Good grief. Glad they both survived. That's some brutal conditions and circumstances to deal with. Glad someone was there to help the second guy because if the first had went back to help him they would both probably be dead.


----------



## little rascal (Jan 19, 2014)

*Glad they*

turned out okay.

 A Mai Tai Cocktail and a moored boat?


----------



## The Fever (Jan 20, 2014)

TopherAndTick said:


> Legally, you have to use the authorities Im sure.  What would I do?  Well a little pepper makes more of a statement than actual harm.  I dont take kindly to being put at risk of death by idiots.  I dont care if it is legal or not,  I would mark up the gel coat with steel.

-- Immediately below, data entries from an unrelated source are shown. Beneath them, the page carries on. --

(* Let $\tilde n\ge 1$, and let $\mathbf{S}_{i^*},\mathbf{S}_{2}\in\mathbb{R}^{\tilde n\times\tilde n}$ be two real matrices (the graph matrix of the reference view and the graph matrix of the view to be aligned). Let $\boldsymbol{\Delta}=\{\mathbf{P}\in[0,1]^{\tilde n\times\tilde n}:\ \mathbf{P}\mathbf{1}=\mathbf{1},\ \mathbf{P}^{\top}\mathbf{1}=\mathbf{1}\}$ be the set of doubly stochastic matrices, and let $\boldsymbol{\Gamma}:\mathbb{R}^{\tilde n\times\tilde n}\to\boldsymbol{\Delta}$ be the Euclidean (Frobenius-norm) projection onto $\boldsymbol{\Delta}$. Starting from any $\mathbf{P}^{(0)}\in\boldsymbol{\Delta}$, define the iterates $$\mathbf{P}^{(t+1)}=\tfrac12\Big(\mathbf{P}^{(t)}+\boldsymbol{\Gamma}\big(\mathbf{S}_{2}\,\mathbf{P}^{(t)}\,\mathbf{S}_{i^*}^{\top}\big)\Big),\qquad t=0,1,2,\dots$$ Suppose there is a constant $\varepsilon\ge 0$ such that $\|\mathbf{S}_{i^*}\otimes\mathbf{S}_{2}\|_2\le\varepsilon$, where $\otimes$ is the Kronecker product and $\|\cdot\|_2$ the spectral norm. Then the iteration converges at rate $\tfrac12+\varepsilon$, i.e. for every $t\ge1$, $$\|\mathbf{P}^{(t+1)}-\mathbf{P}^{(t)}\|_F\le\Big(\tfrac12+\varepsilon\Big)\|\mathbf{P}^{(t)}-\mathbf{P}^{(t-1)}\|_F .$$
   Context: This iteration is a projected fixed-point scheme for the relaxed graph-matching problem $\max_{\mathbf{P}\in\boldsymbol{\Delta}}\operatorname{Tr}(\mathbf{S}_{i^*}^{\top}\mathbf{P}^{\top}\mathbf{S}_{2}\mathbf{P})$, whose gradient (up to a constant) is $\mathbf{S}_{2}\mathbf{P}\mathbf{S}_{i^*}^{\top}$. $\|\cdot\|_F$ denotes the Frobenius norm. *)

theory Defs
  imports "HOL-Analysis.Analysis"
begin

text \<open>Matrices are elements of real^'n^'n (row index outer). The library norm on
this type is the Frobenius norm (Euclidean norm of all entries).\<close>

definition doubly_stochastic :: "(real^'n^'n) set" where
  "doubly_stochastic = {P. (\<forall>i j. 0 \<le> P$i$j \<and> P$i$j \<le> 1)
      \<and> (\<forall>i. (\<Sum>j\<in>UNIV. P$i$j) = 1) \<and> (\<forall>j. (\<Sum>i\<in>UNIV. P$i$j) = 1)}"

definition proj_ds :: "real^'n^'n \<Rightarrow> real^'n^'n" where
  "proj_ds X = closest_point doubly_stochastic X"

definition kron :: "real^'n^'m \<Rightarrow> real^'q^'p \<Rightarrow> real^('n \<times> 'q)^('m \<times> 'p)" where
  "kron A B = (\<chi> r. \<chi> c. A$(fst r)$(fst c) * B$(snd r)$(snd c))"

definition spec_norm :: "real^'n^'m \<Rightarrow> real" where
  "spec_norm M = onorm (\<lambda>x. M *v x)"

end

theory Submission
  imports Defs
begin

text \<open>The projection onto the closed convex set of doubly stochastic matrices is 1-Lipschitz
for the Frobenius norm. Under vectorisation, \<open>X \<mapsto> S\<^sub>2 X S\<^sub>1\<^sup>T\<close> becomes multiplication by
\<open>S\<^sub>1 \<otimes> S\<^sub>2\<close>, so it is \<open>\<epsilon>\<close>-Lipschitz. Hence the gradient step
\<open>X \<mapsto> \<Gamma>(S\<^sub>2 X S\<^sub>1\<^sup>T)\<close> is \<open>\<epsilon>\<close>-Lipschitz and its average with the identity is
\<open>(1 + \<epsilon>)/2\<close>-Lipschitz, which is at most \<open>1/2 + \<epsilon>\<close>.\<close>

lemma closed_doubly_stochastic: "closed (doubly_stochastic :: (real^'n^'n) set)"
  unfolding doubly_stochastic_def
  by (intro closed_Collect_conj closed_Collect_all closed_Collect_le closed_Collect_eq
      continuous_intros)

lemma convex_doubly_stochastic: "convex (doubly_stochastic :: (real^'n^'n) set)"
proof (rule convexI)
  fix x y :: "real^'n^'n" and u v :: real
  assume "x \<in> doubly_stochastic" "y \<in> doubly_stochastic" and uv: "0 \<le> u" "0 \<le> v" "u + v = 1"
  then have x: "\<And>i j. 0 \<le> x$i$j" "\<And>i j. x$i$j \<le> 1"
      "\<And>i. (\<Sum>j\<in>UNIV. x$i$j) = 1" "\<And>j. (\<Sum>i\<in>UNIV. x$i$j) = 1"
    and y: "\<And>i j. 0 \<le> y$i$j" "\<And>i j. y$i$j \<le> 1"
      "\<And>i. (\<Sum>j\<in>UNIV. y$i$j) = 1" "\<And>j. (\<Sum>i\<in>UNIV. y$i$j) = 1"
    unfolding doubly_stochastic_def by auto
  have "u * x$i$j + v * y$i$j \<le> u * 1 + v * 1" for i j
    using x y uv by (intro add_mono mult_left_mono) auto
  with x y uv show "u *\<^sub>R x + v *\<^sub>R y \<in> doubly_stochastic"
    unfolding doubly_stochastic_def by (simp add: sum.distrib sum_distrib_left[symmetric])
qed

lemma doubly_stochastic_nonempty: "(doubly_stochastic :: (real^'n^'n) set) \<noteq> {}"
proof -
  have "(\<chi> i j. 1 / real CARD('n)) \<in> (doubly_stochastic :: (real^'n^'n) set)"
    unfolding doubly_stochastic_def by (simp add: divide_le_eq)
  then show ?thesis by blast
qed

lemma proj_ds_lipschitz: "norm (proj_ds X - proj_ds Y) \<le> norm (X - Y)"
  using closest_point_lipschitz[OF convex_doubly_stochastic closed_doubly_stochastic
      doubly_stochastic_nonempty]
  unfolding proj_ds_def dist_norm .

text \<open>Column-stacking vectorisation; the index \<open>(j, i)\<close> refers to entry \<open>i\<close> of column \<open>j\<close>,
matching the pair indexing of \<^const>\<open>kron\<close>.\<close>

definition vectorize :: "real^'n^'m \<Rightarrow> real^('n \<times> 'm)" where
  "vectorize M = (\<chi> r. M $ snd r $ fst r)"

lemma norm_vectorize: "norm (vectorize M) = norm M"
proof -
  have "(\<Sum>r\<in>UNIV. vectorize M $ r * vectorize M $ r) = (\<Sum>j\<in>UNIV. \<Sum>i\<in>UNIV. M$i$j * M$i$j)"
    unfolding vectorize_def UNIV_Times_UNIV[symmetric] sum.cartesian_product
    by (simp add: split_beta)
  also have "\<dots> = (\<Sum>i\<in>UNIV. \<Sum>j\<in>UNIV. M$i$j * M$i$j)"
    by (rule sum.swap)
  finally have "norm (vectorize M) ^ 2 = norm M ^ 2"
    unfolding power2_norm_eq_inner inner_vec_def by simp
  then show ?thesis
    by (simp add: power2_eq_iff_nonneg)
qed

lemma kron_mult_vectorize: "kron A B *v vectorize X = vectorize (B ** X ** transpose A)"
proof -
  have "(kron A B *v vectorize X) $ (i, k) = vectorize (B ** X ** transpose A) $ (i, k)" for i k
  proof -
    have "(kron A B *v vectorize X) $ (i, k) = (\<Sum>j\<in>UNIV. \<Sum>l\<in>UNIV. A$i$j * B$k$l * X$l$j)"
      unfolding kron_def vectorize_def matrix_vector_mult_def UNIV_Times_UNIV[symmetric]
        sum.cartesian_product
      by (simp add: split_beta)
    also have "\<dots> = (\<Sum>j\<in>UNIV. (\<Sum>l\<in>UNIV. B$k$l * X$l$j) * A$i$j)"
      by (simp add: sum_distrib_left mult.commute mult.left_commute)
    also have "\<dots> = vectorize (B ** X ** transpose A) $ (i, k)"
      unfolding vectorize_def matrix_matrix_mult_def transpose_def by simp
    finally show ?thesis .
  qed
  then show ?thesis
    by (simp add: vec_eq_iff)
qed

lemma norm_sandwich_le_spec_norm_kron:
  "norm (B ** X ** transpose A) \<le> spec_norm (kron A B) * norm X"
proof -
  have "norm (kron A B *v vectorize X) \<le> spec_norm (kron A B) * norm (vectorize X)"
    unfolding spec_norm_def by (rule onorm) simp
  then show ?thesis
    by (simp add: kron_mult_vectorize norm_vectorize)
qed

lemma matrix_sandwich_diff:
  fixes A :: "'a::ring_1^'n^'m" and X Y :: "'a^'p^'n" and B :: "'a^'q^'p"
  shows "A ** X ** B - A ** Y ** B = A ** (X - Y) ** B"
  by (simp add: matrix_matrix_mult_def vec_eq_iff sum_subtractf algebra_simps)

lemma averaged_map_lipschitz:
  fixes f :: "'a::real_normed_vector \<Rightarrow> 'a"
  assumes "norm (f x - f y) \<le> L * norm (x - y)"
  shows "norm ((1/2) *\<^sub>R (x + f x) - (1/2) *\<^sub>R (y + f y)) \<le> (1 + L) / 2 * norm (x - y)"
proof -
  have "(1/2) *\<^sub>R (x + f x) - (1/2) *\<^sub>R (y + f y) = (1/2) *\<^sub>R ((x - y) + (f x - f y))"
    by (simp add: algebra_simps)
  also have "norm \<dots> \<le> (1/2) * (norm (x - y) + norm (f x - f y))"
    using norm_triangle_ineq by simp
  also have "\<dots> \<le> (1 + L) / 2 * norm (x - y)"
    using assms by (simp add: field_simps)
  finally show ?thesis .
qed

theorem theorem1:
  fixes S1 S2 :: "real^'n^'n" and P :: "nat \<Rightarrow> real^'n^'n" and \<epsilon> :: real
  assumes "P 0 \<in> doubly_stochastic"
    and "\<And>t. P (Suc t) = (1/2) *\<^sub>R (P t + proj_ds (S2 ** P t ** transpose S1))"
    and "\<epsilon> \<ge> 0"
    and "spec_norm (kron S1 S2) \<le> \<epsilon>"
    and "t \<ge> 1"
  shows "norm (P (t+1) - P t) \<le> (1/2 + \<epsilon>) * norm (P t - P (t-1))"
proof -
  define G where "G X = proj_ds (S2 ** X ** transpose S1)" for X
  have G_lipschitz: "norm (G X - G Y) \<le> \<epsilon> * norm (X - Y)" for X Y
  proof -
    have "norm (G X - G Y) \<le> norm (S2 ** (X - Y) ** transpose S1)"
      unfolding G_def matrix_sandwich_diff[symmetric] by (rule proj_ds_lipschitz)
    also have "\<dots> \<le> spec_norm (kron S1 S2) * norm (X - Y)"
      by (rule norm_sandwich_le_spec_norm_kron)
    also have "\<dots> \<le> \<epsilon> * norm (X - Y)"
      using assms(4) by (simp add: mult_right_mono)
    finally show ?thesis .
  qed
  obtain s where t: "t = Suc s"
    using assms(5) by (cases t) auto
  have "norm (P (Suc (Suc s)) - P (Suc s)) \<le> (1 + \<epsilon>) / 2 * norm (P (Suc s) - P s)"
    unfolding assms(2)[of "Suc s"] assms(2)[of s] G_def[symmetric]
    by (rule averaged_map_lipschitz[OF G_lipschitz])
  also have "\<dots> \<le> (1/2 + \<epsilon>) * norm (P (Suc s) - P s)"
    using assms(3) by (intro mult_right_mono) auto
  finally show ?thesis
    using t by simp
qed

end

Yeah lets think this out in a like minded scenario. I'm.in a layout boat and a man has so little respect he is willing to nearly swamp you. Now I'm.going to shoot at him. Not even lethal shot. Sounds like it's time to really swamp you or just flat run you over.


----------



## T-N-T (Jan 20, 2014)

The Fever said:


> Yeah lets think this out in a like minded scenario. I'm.in a layout boat and a man has so little respect he is willing to nearly swamp you. Now I'm.going to shoot at him. Not even lethal shot. Sounds like it's time to really swamp you or just flat run you over.



I bet he doesnt turn around for another pass if you are still holding the gun....


----------



## T-N-T (Jan 20, 2014)

Garcia Mitchler said:


> I'm a retired Coast Guard Chief and boarding officer.



Thanks Garcia!  I always thought USCG would be a great job.


----------



## Garcia Mitchler (Jan 20, 2014)

Thanks y'all, and it was a great job! Wish I hadn't retired! Still looking for work out here...


----------



## triton196 (Jan 20, 2014)

call the dnr and you cant shoot at them its agg assault which is the next thing below murder. try to get the ga registration number. if hes doing it consistently then the dnr can sit and watch and maybe put a stop to it. ive had em do it to me while fishing people don't have respect for other people plain and simple.


----------



## Lukikus2 (Jan 20, 2014)

Ya'll should hunt the Tenn. River sometime. Thet beast will swallow you long before a wake will.


----------



## thc_clubPres (Jan 20, 2014)

did they have on PFD's or don't most duck hunters wear them?


----------



## birddog52 (Jan 23, 2014)

Good load steel shot on gel coat would changed that idiots mind


----------